The halos in the background are called 'bokeh'. Apparently boke in Japanese means blur. And 'boke-aji' is the blur (or de-focusing) quality. I'm sure you can reach more precise and detailed knowledge-base about the origin of the word on the net. The contrast of focused and de-focused areas on the picture make it more striking.





In this second example, there is no bokeh, but the background, again, is all washed out. This is best done with zoom lenses, as their focal threshold is shorter and when wide aperture is chosen, then background becomes a soup of colors.



A couple of important points need to be watched:

1) If you're using, let's say a 70-200mm f/2.8 lens and operate at 2.8, in order to get the best of the background blur, then you may also get some de-focused areas on the face of the subject. So be careful about what exactly you want to focus to. You don't wanna miss the eyes.

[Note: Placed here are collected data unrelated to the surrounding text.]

(* Let $T>0$ and $0<\tau_0\leq T$. Let $\mu\colon[0,\tau_0]\to[0,+\infty[$ be a modulus of continuity, i.e. a continuous, concave, strictly increasing function with $\mu(0)=0$. Let $\nu\colon\,]0,T]\to\,]0,+\infty[$ be a non-decreasing continuous function such that for some $\kappa>0$, $$\nu(t/2)\geq\kappa\,\nu(t)\quad\text{for all } t\in\,]0,T].$$ Let $a\colon[0,T]\to\mathbb R$ be a bounded function for which there is a constant $C>0$ with $$|a(t+\tau)-a(t)|\leq \frac{C}{\nu(t)}\mu(\tau)\quad\text{whenever } 0\leq\tau\leq\tau_0,\ t,t+\tau\in\,]0,T].$$ Let $\rho\in C^\infty(\mathbb R)$ with $\operatorname{supp}\rho\subset[-1,1]$, $\rho\geq0$, $\int_{\mathbb R}\rho(s)\,ds=1$, and set $\rho_\epsilon(s)=\frac1\epsilon\rho(s/\epsilon)$. For $0<\epsilon\leq\tau_0$ define $$\tilde a_\epsilon(t)=\begin{cases}a(\epsilon)& t\leq\epsilon,\\ a(t)&\epsilon\leq t\leq T,\\ a(T)& T\leq t,\end{cases}\qquad a_\epsilon(t)=\int_{-\epsilon}^{\epsilon}\rho_\epsilon(s)\tilde a_\epsilon(t-s)\,ds,\quad t\in\mathbb R.$$ Then there exist constants $C',C''>0$, depending only on $C$, $\rho$, $\kappa$ and $\|a\|_\infty$, such that for all $0<\epsilon\leq\tau_0$ and all $t\in\,]0,T]$, $$|a_\epsilon(t)-\tilde a_\epsilon(t)|\leq C'\min\Big\{1,\frac{\mu(\epsilon)}{\nu(t)}\Big\}\quad\text{and}\quad |a_\epsilon'(t)|\leq \frac{C''}{\epsilon}\min\Big\{1,\frac{\mu(\epsilon)}{\nu(t)}\Big\}.$$ *)

theory Defs
  imports "HOL-Analysis.Analysis"
begin

definition smooth_real :: "(real \<Rightarrow> real) \<Rightarrow> bool" where
  "smooth_real f \<longleftrightarrow> (\<exists>D :: nat \<Rightarrow> real \<Rightarrow> real. D 0 = f \<and>
      (\<forall>n x. (D n has_real_derivative D (Suc n) x) (at x)))"

definition a_tilde :: "(real \<Rightarrow> real) \<Rightarrow> real \<Rightarrow> real \<Rightarrow> real \<Rightarrow> real" where
  "a_tilde a T eps t = (if t \<le> eps then a eps else if t \<le> T then a t else a T)"

definition a_moll :: "(real \<Rightarrow> real) \<Rightarrow> (real \<Rightarrow> real) \<Rightarrow> real \<Rightarrow> real \<Rightarrow> real \<Rightarrow> real" where
  "a_moll \<rho> a T eps t = integral {-eps..eps} (\<lambda>s. (1/eps) * \<rho> (s/eps) * a_tilde a T eps (t - s))"

end

theory Submission
  imports Defs
begin

(* For t in ]0,T] and |s| <= eps, the clamped points t - s and t both lie in [max eps (t/2), T]
   at distance at most eps. The modulus hypothesis together with nu (t/2) >= kappa nu t bounds
   the increment of a_tilde between them by (C/kappa) mu eps / nu t, and boundedness of a bounds
   it by 2 M. Averaging this increment bound against rho_eps gives the first estimate. For the
   derivative, differentiate under the integral and subtract a_tilde t times the integral of
   rho_eps', which vanishes; the same increment bound is then averaged against
   |rho_eps'| <= sup |rho'| / eps^2 over a window of length O(eps), which costs a factor 1/eps. *)

locale mollifier_kernel =
  fixes \<rho> \<rho>' :: "real \<Rightarrow> real"
  assumes has_derivative: "\<And>x. (\<rho> has_real_derivative \<rho>' x) (at x)"
    and continuous_derivative: "continuous_on UNIV \<rho>'"
    and vanishes_outside: "\<And>s. \<bar>s\<bar> > 1 \<Longrightarrow> \<rho> s = 0"
    and nonneg: "\<And>s. \<rho> s \<ge> 0"
    and has_integral_one: "(\<rho> has_integral 1) UNIV"
begin

definition scaled :: "real \<Rightarrow> real \<Rightarrow> real" where
  "scaled \<epsilon> s = 1/\<epsilon> * \<rho> (s/\<epsilon>)"

definition mollify :: "real \<Rightarrow> (real \<Rightarrow> real) \<Rightarrow> real \<Rightarrow> real" where
  "mollify \<epsilon> g t = integral {-\<epsilon>..\<epsilon>} (\<lambda>s. scaled \<epsilon> s * g (t - s))"

lemma continuous: "continuous_on UNIV \<rho>"
  using has_derivative by (meson DERIV_isCont continuous_at_imp_continuous_on)

lemma continuous_on_scaled: "continuous_on S (scaled \<epsilon>)"
  unfolding scaled_def divide_inverse by (intro continuous_intros continuous_on_compose2[OF continuous]) auto

lemma derivative_vanishes_outside:
  assumes "\<bar>s\<bar> > 1"
  shows "\<rho>' s = 0"
proof -
  define S where "S = (if s > 1 then {1<..} else {..<-1::real})"
  have S: "open S" "s \<in> S" using assms by (auto simp: S_def)
  have "\<And>x. x \<in> S \<Longrightarrow> 0 = \<rho> x" using vanishes_outside by (auto simp: S_def split: if_splits)
  with DERIV_const[of 0 "at s"] have "(\<rho> has_real_derivative 0) (at s)"
    by (rule has_field_derivative_transform_within_open[OF _ S])
  then show ?thesis using has_derivative DERIV_unique by blast
qed

lemma derivative_bounded:
  obtains B where "B > 0" and "\<And>s. \<bar>\<rho>' s\<bar> \<le> B"
proof -
  have "bounded (\<rho>' ` {-1..1})"
    by (intro compact_imp_bounded compact_continuous_image
        continuous_on_subset[OF continuous_derivative]) auto
  then obtain B where "\<forall>y\<in>\<rho>' ` {-1..1}. norm y \<le> B"
    by (auto simp: bounded_iff)
  then have B: "\<bar>\<rho>' s\<bar> \<le> B" if "\<bar>s\<bar> \<le> 1" for s
    using that by (auto simp: abs_le_iff)
  have "\<bar>\<rho>' s\<bar> \<le> \<bar>B\<bar> + 1" for s
    using B[of s] derivative_vanishes_outside[of s] by fastforce
  with that[of "\<bar>B\<bar> + 1"] show thesis by simp
qed

lemma scaled_has_integral_one:
  assumes "\<epsilon> > 0"
  shows "(scaled \<epsilon> has_integral 1) {-\<epsilon>..\<epsilon>}"
proof -
  have "(\<lambda>x. if x \<in> cbox (-1) 1 then \<rho> x else 0) = \<rho>"
    using vanishes_outside by (auto simp: fun_eq_iff abs_real_def)
  then have "(\<rho> has_integral 1) (cbox (-1) 1)"
    using has_integral_one has_integral_restrict[of "cbox (-1) 1" UNIV \<rho> 1] by simp
  from has_integral_affinity'[OF this, of "1/\<epsilon>" 0]
  have "((\<lambda>x. \<rho> (x/\<epsilon>)) has_integral \<epsilon>) {-\<epsilon>..\<epsilon>}"
    using assms by (simp add: divide_inverse mult.commute)
  from has_integral_mult_right[OF this, of "1/\<epsilon>"] show ?thesis
    using assms by (simp add: scaled_def[abs_def])
qed

lemma mollify_dist_le:
  assumes "\<epsilon> > 0" and "continuous_on UNIV g"
    and increment: "\<And>s. \<bar>s\<bar> \<le> \<epsilon> \<Longrightarrow> \<bar>g (t - s) - g t\<bar> \<le> K"
  shows "\<bar>mollify \<epsilon> g t - g t\<bar> \<le> K"
proof -
  have "(\<lambda>s. scaled \<epsilon> s * g (t - s)) integrable_on {-\<epsilon>..\<epsilon>}"
    by (intro integrable_continuous_real continuous_intros continuous_on_scaled
        continuous_on_compose2[OF assms(2)]) auto
  from has_integral_diff[OF integrable_integral[OF this]
      has_integral_mult_left[OF scaled_has_integral_one[OF assms(1)], of "g t"]]
  have diff: "((\<lambda>s. scaled \<epsilon> s * (g (t - s) - g t)) has_integral (mollify \<epsilon> g t - g t)) {-\<epsilon>..\<epsilon>}"
    by (simp add: mollify_def algebra_simps)
  have bound: "((\<lambda>s. scaled \<epsilon> s * K) has_integral K) {-\<epsilon>..\<epsilon>}"
    using has_integral_mult_left[OF scaled_has_integral_one[OF assms(1)], of K] by simp
  have "norm (integral {-\<epsilon>..\<epsilon>} (\<lambda>s. scaled \<epsilon> s * (g (t - s) - g t)))
        \<le> integral {-\<epsilon>..\<epsilon>} (\<lambda>s. scaled \<epsilon> s * K)"
  proof (rule integral_norm_bound_integral)
    show "(\<lambda>s. scaled \<epsilon> s * (g (t - s) - g t)) integrable_on {-\<epsilon>..\<epsilon>}"
      using diff by (rule has_integral_integrable)
    show "(\<lambda>s. scaled \<epsilon> s * K) integrable_on {-\<epsilon>..\<epsilon>}"
      using bound by (rule has_integral_integrable)
    fix s assume "s \<in> {-\<epsilon>..\<epsilon>}"
    then have "\<bar>g (t - s) - g t\<bar> \<le> K" by (intro increment) auto
    moreover have "scaled \<epsilon> s \<ge> 0" using nonneg assms(1) by (simp add: scaled_def)
    ultimately show "norm (scaled \<epsilon> s * (g (t - s) - g t)) \<le> scaled \<epsilon> s * K"
      by (simp add: abs_mult mult_left_mono)
  qed
  then show ?thesis
    unfolding integral_unique[OF diff] integral_unique[OF bound] by simp
qed

lemma mollify_eq_integral:
  assumes "\<epsilon> > 0" and "continuous_on UNIV g" and "{x - \<epsilon>..x + \<epsilon>} \<subseteq> {lo..hi}"
  shows "mollify \<epsilon> g x = integral {lo..hi} (\<lambda>r. scaled \<epsilon> (x - r) * g r)"
proof -
  define k where "k = (\<lambda>r. scaled \<epsilon> (x - r) * g r)"
  have "continuous_on UNIV k"
    unfolding k_def by (intro continuous_intros continuous_on_compose2[OF continuous_on_scaled]
        continuous_on_subset[OF assms(2)]) auto
  then have k: "(k has_integral integral {x - \<epsilon>..x + \<epsilon>} k) {x - \<epsilon>..x + \<epsilon>}"
    by (intro integrable_integral integrable_continuous_real) (rule continuous_on_subset, auto)
  from has_integral_affinity'[of k _ "x - \<epsilon>" "x + \<epsilon>" 1 x] k
  have "((\<lambda>y. k (y + x)) has_integral integral {x - \<epsilon>..x + \<epsilon>} k) {-\<epsilon>..\<epsilon>}" by simp
  then have "((\<lambda>s. k (x - s)) has_integral integral {x - \<epsilon>..x + \<epsilon>} k) {-\<epsilon>..\<epsilon>}"
    using has_integral_reflect_real[where f="\<lambda>y. k (y + x)" and a="-\<epsilon>" and b=\<epsilon>]
    by (simp add: algebra_simps)
  then have "mollify \<epsilon> g x = integral {x - \<epsilon>..x + \<epsilon>} k"
    unfolding mollify_def k_def by (simp add: integral_unique)
  also have "\<dots> = integral {lo..hi} k"
  proof (rule sym, rule integral_unique[OF has_integral_on_superset[OF k _ assms(3)]])
    fix r assume "r \<notin> {x - \<epsilon>..x + \<epsilon>}"
    then have "\<bar>(x - r)/\<epsilon>\<bar> > 1" using assms(1) by (auto simp: abs_real_def divide_simps)
    then show "k r = 0" using vanishes_outside by (simp add: k_def scaled_def)
  qed
  finally show ?thesis by (simp add: k_def)
qed

lemma derivative_kernel_has_integral_zero:
  assumes "\<epsilon> > 0" and "lo < t - \<epsilon>" and "t + \<epsilon> < hi"
  shows "((\<lambda>r. \<rho>' ((t - r)/\<epsilon>) / \<epsilon>\<^sup>2) has_integral 0) {lo..hi}"
proof -
  define G where "G r = - scaled \<epsilon> (t - r)" for r
  have "((\<lambda>r. \<rho>' ((t - r)/\<epsilon>) / \<epsilon>\<^sup>2) has_integral G hi - G lo) {lo..hi}"
  proof (rule fundamental_theorem_of_calculus)
    fix r
    have "((\<lambda>r. (t - r)/\<epsilon>) has_real_derivative -1/\<epsilon>) (at r)"
      using assms(1) by (auto intro!: derivative_eq_intros)
    from DERIV_chain2[OF has_derivative this]
    have "(G has_real_derivative \<rho>' ((t - r)/\<epsilon>) / \<epsilon>\<^sup>2) (at r)"
      unfolding G_def scaled_def using assms(1)
      by (auto intro!: derivative_eq_intros simp: power2_eq_square)
    then show "(G has_vector_derivative \<rho>' ((t - r)/\<epsilon>) / \<epsilon>\<^sup>2) (at r within {lo..hi})"
      by (simp add: has_real_derivative_iff_has_vector_derivative has_vector_derivative_at_within)
  qed (use assms in auto)
  moreover have "G hi = 0" "G lo = 0"
    using assms vanishes_outside by (auto simp: G_def scaled_def abs_real_def divide_simps)
  ultimately show ?thesis by simp
qed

2) Keep your subject further away from the background. However, you also need to be careful with too much distance, because then you start losing light reaching your camera from the background, which would make it dark and dull.

In the third photograph, there are again focused and de-focused areas, but this time it's not in the form of background versus foreground. This time there are two different focus areas, which makes one go around in the frame.



I hope my large and uncontrollable audience is going to have a healthy, happy, wealthy, peaceful New Year with full of laughter.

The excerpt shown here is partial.